# WHAT THE TASK REQUIRES:
Look through the material below. Return exactly the lines from the one with "(-1) powi j" through the one with "by (simp add: w_def)", both included.

# RECORDS FOR THE EXERCISE:
(* In the Cross Model on the strip $\mathbb{Z}_K$ (with $K\ge1$ an integer and $\varepsilon\in(0,1)$), the processes $(\mathbf{D}^{K,d}_i)_{i\ge0}$ and $(\mathbf{Y}_i)_{i\ge0}$ are Markov chains. Moreover, $(\mathbf{Y}_i)_{i\ge0}$ has the law of the discrete-time synchronous TASEP on $[\![-K+1,K]\!]$ in which the jump probability, the entry probability and the exit probability are all equal to $\varepsilon$.
   Context: Cross Model: $\mathbb{Z}_K=\mathbb{Z}\times[\![-K,K]\!]$ with vertical edges $(i,j)\to(i,j+1)$ ($j\in[\![-K,K-1]\!]$), horizontal edges $(i,j)\to(i+1,j)$, and diagonal edges $(i,j)\to(i+1,j\pm1)$ (within the strip). Vertical and horizontal edges have length $1$, diagonal edges length $2$. All vertical and diagonal edges are open; each horizontal edge is open with probability $1-\varepsilon$ and closed with probability $\varepsilon$, independently. For $i\ge0$, $j\in[\![-K,K]\!]$, $D^{K,d}(i,j)$ is the length of a shortest path of open edges in $\mathbb{Z}_K$ from $(0,0)$ to $(i,j)$, and $\mathbf{D}^{K,d}_i=(D^{K,d}(i,j))_{j\in[\![-K,K]\!]}$. Define $\mathbf{Y}_i=(Y_i^j)_{j\in[\![-K+1,K]\!]}\in\{\bullet,\circ\}^{2K}$ by $Y_i^j=\bullet$ if $D^{K,d}(i,j)=D^{K,d}(i,j-1)-1$ and $Y_i^j=\circ$ if $D^{K,d}(i,j)=D^{K,d}(i,j-1)+1$ (one of these always holds); site $j$ is occupied by a particle at time $i$ iff $Y_i^j=\bullet$. The synchronous TASEP on $[\![-K+1,K]\!]$ with jump, entry and exit probability $\varepsilon$ is the Markov chain on $\{\bullet,\circ\}^{2K}$ where, from time $t$ to $t+1$, independently: each particle at $j\in[\![-K+1,K-1]\!]$ such that site $j+1$ is empty at time $t$ moves to $j+1$ with probability $\varepsilon$; if site $-K+1$ is empty at time $t$, a particle enters there with probability $\varepsilon$; if site $K$ is occupied at time $t$, its particle exits with probability $\varepsilon$. *)

theory Defs
  imports "HOL-Probability.Probability"
begin

definition in_strip :: "nat \<Rightarrow> int \<times> int \<Rightarrow> bool" where
  "in_strip K v \<longleftrightarrow> - int K \<le> snd v \<and> snd v \<le> int K"

text \<open>An edge configuration: omega (i,j) = True iff the horizontal edge (i,j)--(i+1,j) is open.\<close>

definition open_edge :: "nat \<Rightarrow> (int \<times> int \<Rightarrow> bool) \<Rightarrow> int \<times> int \<Rightarrow> int \<times> int \<Rightarrow> nat \<Rightarrow> bool" where
  "open_edge K \<omega> u v w \<longleftrightarrow> in_strip K u \<and> in_strip K v \<and>
     ((fst u = fst v \<and> \<bar>snd u - snd v\<bar> = 1 \<and> w = 1)
    \<or> (\<bar>fst u - fst v\<bar> = 1 \<and> snd u = snd v \<and> w = 1 \<and> \<omega> (min (fst u) (fst v), snd u))
    \<or> (\<bar>fst u - fst v\<bar> = 1 \<and> \<bar>snd u - snd v\<bar> = 1 \<and> w = 2))"
lemma Lfactor_outer:
  assumes "r < n"
  shows "Lfactor n Q (r + 1) = dop_lin (\<lambda>v. zp n Q (r + 1) (v + of_int (int (n - r))))"
    and "Lfactor n Q (2 * n + 2 - r) = dop_lin (\<lambda>v. zb n Q (r + 1) (v - of_int (int (n - r) + 1)))"
proof -
  have "int n + 1 - int (r + 1) = int (n - r)"
    using assms by simp
  then show "Lfactor n Q (r + 1) = dop_lin (\<lambda>v. zp n Q (r + 1) (v + of_int (int (n - r))))"
    using assms by (simp add: Lfactor_def xN_def)
  have "\<not> 2 * n + 2 - r \<le> n" "2 * n + 2 - r \<noteq> n + 1" "2 * n + 2 - r \<noteq> n + 2"
    and "2 * n + 3 - (2 * n + 2 - r) = r + 1"
    using assms by auto
  then have letter: "xN n Q (2 * n + 2 - r) = zb n Q (r + 1)"
    unfolding xN_def by (simp only: if_False)
  have shift:
    "v + of_int (int n + 1 - int (2 * n + 2 - r)) = v - (of_int (int (n - r) + 1) :: complex)" for v
    using assms by (simp add: of_nat_diff)
  show "Lfactor n Q (2 * n + 2 - r) = dop_lin (\<lambda>v. zb n Q (r + 1) (v - of_int (int (n - r) + 1)))"
    unfolding Lfactor_def letter shift ..
qed

lemma Lfactor_middle:
  shows "Lfactor n Q (n + 1) = dop_lin (Xmid n Q)"
    and "Lfactor n Q (n + 2) = dop_lin (\<lambda>v. - Xmid n Q (v - 1))"
  by (simp_all add: Lfactor_def xN_def)

lemma inner_op_centre: "inner_op n Q (n + 1) = dop_one"
  by (simp add: inner_op_def)

lemma inner_op_coeff_centre:
  fixes Q :: "nat \<Rightarrow> complex \<Rightarrow> 'k::field"
  assumes "\<And>a v. 1 \<le> a \<Longrightarrow> a \<le> n \<Longrightarrow> Q a v \<noteq> 0" and "1 \<le> n"
  shows "dop_coeff (inner_op n Q n) i u = (-1) powi i * ext_sum n Q n (2 - i) (u + 1)"
proof -
  let ?X = "Xmid n Q"
  have "inner_op n Q n = dop_mult (dop_lin ?X) (dop_lin (\<lambda>v. - ?X (v - 1)))"
    using inner_op_step[of n n Q]
    by (simp add: inner_op_centre[simplified] Lfactor_middle[simplified])
  then have coeff: "dop_coeff (inner_op n Q n) i u
      = ?X u * dop_coeff (dop_lin (\<lambda>v. - ?X (v - 1))) i u
        - dop_coeff (dop_lin (\<lambda>v. - ?X (v - 1))) (i - 1) (u + 1)"
    by (simp only: dop_coeff_lin_mult)
  have ext: "ext_sum n Q n m w
      = (if m = 0 then 1 else if m = 2 then - (Ysh n Q n (w - 1) / Ysh n Q n w) else 0)" for m w
    by (simp add: ext_sum_def adm_sum_top)
  consider "i < 0" | "i = 0" | "i = 1" | "i = 2" | "i > 2"
    by linarith
  then show ?thesis
    unfolding coeff
    by cases
      (simp_all add: dop_coeff_lin ext Xmid_mult_shift[OF assms, where u = u] power_int_minus_left)
qed

lemma inner_op_coeff_step:
  fixes Q :: "nat \<Rightarrow> complex \<Rightarrow> 'k::field"
  assumes Q_nonzero: "\<And>a v. 1 \<le> a \<Longrightarrow> a \<le> n \<Longrightarrow> Q a v \<noteq> 0" and "r < n"
    and IH: "\<And>j x. dop_coeff (inner_op n Q (r + 1)) j x
      = (-1) powi j * ext_sum n Q (r + 1) (2 * int (n - r) - j) (x + of_int (int (n - r)))"
  shows "dop_coeff (inner_op n Q r) i u
    = (-1) powi i * ext_sum n Q r (2 * int (n - r) + 2 - i) (u + of_int (int (n - r) + 1))"
proof -
  define K where "K = int (n - r)"
  define w where "w = u + of_int (K + 1)"
  define m where "m = 2 * K + 2 - i"
  let ?C = "\<lambda>j x. dop_coeff (inner_op n Q (r + 1)) j x" and ?E = "ext_sum n Q (r + 1)"
  have "dop_coeff (inner_op n Q r) i u
      = zp n Q (r + 1) (u + of_int K)
          * (?C i u * zb n Q (r + 1) (u + of_int i - of_int (K + 1)) - ?C (i - 1) u)
        - (?C (i - 1) (u + 1) * zb n Q (r + 1) (u + 1 + of_int (i - 1) - of_int (K + 1))
           - ?C (i - 1 - 1) (u + 1))"
    unfolding inner_op_step[OF less_imp_le[OF assms(2)]] Lfactor_outer[OF assms(2)] K_def
    by (simp only: dop_coeff_lin_mult dop_coeff_mult_lin)
  also have "u + of_int K = w - 1"
    by (simp add: w_def)
  also have "u + of_int i - of_int (K + 1) = w - of_int m"
    by (simp add: w_def m_def)
  also have "u + 1 + of_int (i - 1) - of_int (K + 1) = w - of_int m"
    by (simp add: w_def m_def)
  also have "?C i u = (-1) powi i * ?E (m - 2) (w - 1)"
    unfolding IH by (simp add: K_def w_def m_def)
  also have "?C (i - 1) u = - ((-1) powi i * ?E (m - 1) (w - 1))"
    unfolding IH by (simp add: K_def w_def m_def minus_one_powi_diff algebra_simps)
  also have "?C (i - 1) (u + 1) = - ((-1) powi i * ?E (m - 1) w)"
    unfolding IH by (simp add: K_def w_def m_def minus_one_powi_diff algebra_simps)
  also have "?C (i - 1 - 1) (u + 1) = (-1) powi i * ?E m w"
    unfolding IH by (simp add: K_def w_def m_def minus_one_powi_diff[simplified] algebra_simps)
  also have "zp n Q (r + 1) (w - 1)
        * ((-1) powi i * ?E (m - 2) (w - 1) * zb n Q (r + 1) (w - of_int m)
           - - ((-1) powi i * ?E (m - 1) (w - 1)))
      - (- ((-1) powi i * ?E (m - 1) w) * zb n Q (r + 1) (w - of_int m) - (-1) powi i * ?E m w)
      = (-1) powi i * adjoin n Q (r + 1) ?E m w"
    by (simp add: adjoin_def algebra_simps)
  also have "adjoin n Q (r + 1) ?E m w = ext_sum n Q r m w"
    using ext_sum_rec[OF Q_nonzero assms(2)] by simp
  finally show ?thesis
    by (simp add: K_def w_def m_def)
qed

lemma inner_op_coeff:
  fixes Q :: "nat \<Rightarrow> complex \<Rightarrow> 'k::field"
  assumes "\<And>a v. 1 \<le> a \<Longrightarrow> a \<le> n \<Longrightarrow> Q a v \<noteq> 0" and "1 \<le> n" and "r \<le> n"
  shows "dop_coeff (inner_op n Q r) i u
    = (-1) powi i * ext_sum n Q r (2 * int (n - r) + 2 - i) (u + of_int (int (n - r) + 1))"
  using assms(3)
proof (induction "n - r" arbitrary: r i u)
  case 0
  then show ?case
    using inner_op_coeff_centre[OF assms(1,2)] by simp
next
  case (Suc j)
  then have "r < n" "j = n - (r + 1)"
    by simp_all
  moreover have "int (n - (r + 1)) = int (n - r) - 1"
    using \<open>r < n\<close> by simp
  ultimately show ?case
    using Suc.hyps(1)[of "r + 1"]
    by (intro inner_op_coeff_step[OF assms(1)]) (simp_all add: algebra_simps)
qed

lemma Lop_eq_ext_sum:
  fixes Q :: "nat \<Rightarrow> complex \<Rightarrow> 'k::field"
  assumes "\<And>a v. 1 \<le> a \<Longrightarrow> a \<le> n \<Longrightarrow> Q a v \<noteq> 0" and "1 \<le> n"
  shows "Lop n Q k u = (-1) ^ k * ext_sum n Q 0 (2 * int n + 2 - int k) (u + of_nat n + 1)"
proof -
  have "Lop n Q k u = dop_coeff (inner_op n Q 0) (int k) u"
    by (simp add: Lop_eq_inner_op dop_coeff_def)
  then show ?thesis
    using inner_op_coeff[OF assms, where r = 0 and i = "int k" and u = u] by (simp add: add.assoc)
qed

lemma ext_sum_0_eq_T1:
  "ext_sum n Q 0 (2 * int n + 2 - int k) (u + of_nat n + 1) =
    (if k \<le> n then - T1 n Q k (u + of_nat k / 2)
     else if n + 2 \<le> k \<and> k \<le> 2 * n + 2 then T1 n Q (2 * n + 2 - k) (u + of_nat k / 2)
     else 0)"
proof -
  define m where "m = 2 * int n + 2 - int k"
  consider "k \<le> n" | "k = n + 1" | "n + 2 \<le> k \<and> k \<le> 2 * n + 2" | "k > 2 * n + 2"
    by linarith
  then have "ext_sum n Q 0 m (u + of_nat n + 1) =
    (if k \<le> n then - T1 n Q k (u + of_nat k / 2)
     else if n + 2 \<le> k \<and> k \<le> 2 * n + 2 then T1 n Q (2 * n + 2 - k) (u + of_nat k / 2)
     else 0)"
  proof cases
    case 1
    have "ext_sum n Q 0 m (u + of_nat n + 1) = - adm_sum n Q 0 (int k) (u + of_nat k)"
      using 1 by (subst ext_sum_high) (simp_all add: m_def)
    moreover have "T1 n Q k (u + of_nat k / 2) = adm_sum n Q 0 (int k) (u + of_nat k)"
      unfolding T1_eq_adm_sum by (simp add: add.assoc)
    ultimately show ?thesis
      using 1 by simp
  next
    case 2
    then show ?thesis
      by (simp add: ext_sum_low adm_sum_eq_0 m_def)
  next
    case 3
    then have "m = int (2 * n + 2 - k)"
      and "u + of_nat k / 2 + of_nat (2 * n + 2 - k) / 2 = u + of_nat n + 1"
      by (simp_all add: m_def of_nat_diff field_simps)
    then have "T1 n Q (2 * n + 2 - k) (u + of_nat k / 2) = adm_sum n Q 0 m (u + of_nat n + 1)"
      by (simp only: T1_eq_adm_sum)
    moreover have "ext_sum n Q 0 m (u + of_nat n + 1) = adm_sum n Q 0 m (u + of_nat n + 1)"
      using 3 by (intro ext_sum_low) (simp add: m_def)
    ultimately show ?thesis
      using 3 by simp
  next
    case 4
    then show ?thesis
      by (simp add: ext_sum_low adm_sum_neg m_def)
  qed
  then show ?thesis
    by (simp only: m_def)
qed
(* Let $d\ge 3$, let $\mathcal M$ be a model of $\mathrm{PQM}_d$, and let $\varphi(x)$ be an $\mathcal L_d$-formula in the single free variable $x$ which is a finite conjunction of literals, each of the form $[t(x):p]$ or $\neg[t(x):p]$ with $p\in\mathbb H_d$ and $t(x)$ a term obtained from $x$ by applying finitely many function symbols $u_U$, $\pi_q$. If $\mathcal M\models\exists x\,\varphi(x)$, then $\mathcal H_d\models\exists x\,\varphi(x)$.
   Context: Notation. For $d\ge 1$, $\mathbb H_d$ is the set of complex linear subspaces of $\mathbb C^d$, ordered by inclusion $\le$, with $\top=\mathbb C^d$, $\bot=\{0\}$, $p^\bot$ the orthogonal complement, $p\wedge q=p\cap q$ and $p\vee q=p+q$. $\mathbb U_d$ is the set of unitary operators on $\mathbb C^d$, and for $U\in\mathbb U_d$, $p\in\mathbb H_d$, $U(p)=\{Uv: v\in p\}$. The Sasaki projection is $p\,\&\,q := q\cap(q^\bot+p)$. Subspaces $p,q$ are compatible iff $p=(p\wedge q)\vee(p\wedge q^\bot)$. Language $\mathcal L_d$: a first-order language without equality and without constants, having a unary function symbol $u_U$ for each $U\in\mathbb U_d$, a unary function symbol $\pi_q$ for each $q\in\mathbb H_d$, and a unary relation symbol $[\,\cdot:p]$ for each $p\in\mathbb H_d$. Theory $\mathrm{PQM}_d$ (over $\mathcal L_d$) has the following axioms, for all $p,q\in\mathbb H_d$ and $U\in\mathbb U_d$: ($\neg\bot$) $\exists x\,\neg[x:\bot]$; ($\top$) $\forall x\,[x:\top]$; ($\le$) if $p\le q$: $\forall x\,([x:p]\to[x:q])$; ($\wedge$) if $p,q$ are compatible: $\forall x\,([x:p]\wedge[x:q]\to[x:p\wedge q])$; ($\pi_i$) $\forall x\,([x:p]\to[\pi_q(x):p\,\&\,q])$; ($\pi_c$) if $p\le q$: $\forall x\,([\pi_p(\pi_q(x)):\bot]\to[\pi_p(x):\bot])$; ($\pi_\bot$) $\forall x\,([\pi_q(x):\bot]\to[x:q^\bot])$; ($u_i$) $\forall x\,([x:p]\to[u_U(x):U(p)])$; ($u_e$) $\forall x\,([u_U(x):p]\to[x:U^{-1}(p)])$. Hilbert model $\mathcal H_d$: the $\mathcal L_d$-structure with domain $\mathbb H_d$, $u_U^{\mathcal H_d}(x)=U(x)$, $\pi_q^{\mathcal H_d}(x)=x\,\&\,q$, and $[x:p]^{\mathcal H_d}$ holds iff $x\le p$. *)

theory Defs
  imports "HOL-Analysis.Analysis"
begin

text \<open>Vectors of C^d are represented as complex ^ 'n with d = CARD('n).\<close>

type_synonym 'n cvec = "complex ^ 'n"
type_synonym 'n cmat = "complex ^ 'n ^ 'n"

definition csubspace :: "'n::finite cvec set \<Rightarrow> bool" where
  "csubspace S \<longleftrightarrow> 0 \<in> S \<and> (\<forall>x\<in>S. \<forall>y\<in>S. x + y \<in> S)
      \<and> (\<forall>c::complex. \<forall>x\<in>S. (\<chi> i. c * x $ i) \<in> S)"

definition cinner :: "'n::finite cvec \<Rightarrow> 'n cvec \<Rightarrow> complex" where
  "cinner x y = (\<Sum>i\<in>UNIV. cnj (x $ i) * y $ i)"

definition orth :: "'n::finite cvec set \<Rightarrow> 'n cvec set" where
  "orth p = {x. \<forall>y\<in>p. cinner y x = 0}"

definition join :: "'n::finite cvec set \<Rightarrow> 'n cvec set \<Rightarrow> 'n cvec set" where
  "join p q = {a + b | a b. a \<in> p \<and> b \<in> q}"

definition sasaki :: "'n::finite cvec set \<Rightarrow> 'n cvec set \<Rightarrow> 'n cvec set" where
  "sasaki p q = q \<inter> join (orth q) p"

definition compatible :: "'n::finite cvec set \<Rightarrow> 'n cvec set \<Rightarrow> bool" where
  "compatible p q \<longleftrightarrow> p = join (p \<inter> q) (p \<inter> orth q)"

definition cadj :: "'n::finite cmat \<Rightarrow> 'n cmat" where
  "cadj U = (\<chi> i j. cnj (U $ j $ i))"

definition unitary :: "'n::finite cmat \<Rightarrow> bool" where
  "unitary U \<longleftrightarrow> U ** cadj U = mat 1 \<and> cadj U ** U = mat 1"

definition uimg :: "'n::finite cmat \<Rightarrow> 'n cvec set \<Rightarrow> 'n cvec set" where
  "uimg U p = (\<lambda>v. U *v v) ` p"

definition Hbot :: "'n::finite cvec set" where "Hbot = {0}"
definition Htop :: "'n::finite cvec set" where "Htop = UNIV"

datatype 'n tm = Xvar | UApp "'n cmat" "'n tm" | PiApp "'n cvec set" "'n tm"

text \<open>Literals [t:p] (True) or not [t:p] (False).\<close>
datatype 'n lit = Lit bool "'n tm" "'n cvec set"

fun wf_tm :: "'n::finite tm \<Rightarrow> bool" where
  "wf_tm Xvar = True"
| "wf_tm (UApp U t) = (unitary U \<and> wf_tm t)"
| "wf_tm (PiApp q t) = (csubspace q \<and> wf_tm t)"

fun wf_lit :: "'n::finite lit \<Rightarrow> bool" where
  "wf_lit (Lit b t p) = (wf_tm t \<and> csubspace p)"

fun eval_tm :: "('n cmat \<Rightarrow> 'a \<Rightarrow> 'a) \<Rightarrow> ('n cvec set \<Rightarrow> 'a \<Rightarrow> 'a) \<Rightarrow> 'n tm \<Rightarrow> 'a \<Rightarrow> 'a" where
  "eval_tm uI piI Xvar x = x"
| "eval_tm uI piI (UApp U t) x = uI U (eval_tm uI piI t x)"
| "eval_tm uI piI (PiApp q t) x = piI q (eval_tm uI piI t x)"

fun sat_lit :: "('n cmat \<Rightarrow> 'a \<Rightarrow> 'a) \<Rightarrow> ('n cvec set \<Rightarrow> 'a \<Rightarrow> 'a) \<Rightarrow> ('n cvec set \<Rightarrow> 'a \<Rightarrow> bool)
      \<Rightarrow> 'n lit \<Rightarrow> 'a \<Rightarrow> bool" where
  "sat_lit uI piI rel (Lit b t p) x = (rel p (eval_tm uI piI t x) = b)"

definition sat_conj :: "('n cmat \<Rightarrow> 'a \<Rightarrow> 'a) \<Rightarrow> ('n cvec set \<Rightarrow> 'a \<Rightarrow> 'a) \<Rightarrow> ('n cvec set \<Rightarrow> 'a \<Rightarrow> bool)
      \<Rightarrow> 'n lit list \<Rightarrow> 'a \<Rightarrow> bool" where
  "sat_conj uI piI rel phi x = (\<forall>l\<in>set phi. sat_lit uI piI rel l x)"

# RESULT BELOW:
      = (-1) powi j * ext_sum n Q (r + 1) (2 * int (n - r) - j) (x + of_int (int (n - r)))"
  shows "dop_coeff (inner_op n Q r) i u
    = (-1) powi i * ext_sum n Q r (2 * int (n - r) + 2 - i) (u + of_int (int (n - r) + 1))"
proof -
  define K where "K = int (n - r)"
  define w where "w = u + of_int (K + 1)"
  define m where "m = 2 * K + 2 - i"
  let ?C = "\<lambda>j x. dop_coeff (inner_op n Q (r + 1)) j x" and ?E = "ext_sum n Q (r + 1)"
  have "dop_coeff (inner_op n Q r) i u
      = zp n Q (r + 1) (u + of_int K)
          * (?C i u * zb n Q (r + 1) (u + of_int i - of_int (K + 1)) - ?C (i - 1) u)
        - (?C (i - 1) (u + 1) * zb n Q (r + 1) (u + 1 + of_int (i - 1) - of_int (K + 1))
           - ?C (i - 1 - 1) (u + 1))"
    unfolding inner_op_step[OF less_imp_le[OF assms(2)]] Lfactor_outer[OF assms(2)] K_def
    by (simp only: dop_coeff_lin_mult dop_coeff_mult_lin)
  also have "u + of_int K = w - 1"
    by (simp add: w_def)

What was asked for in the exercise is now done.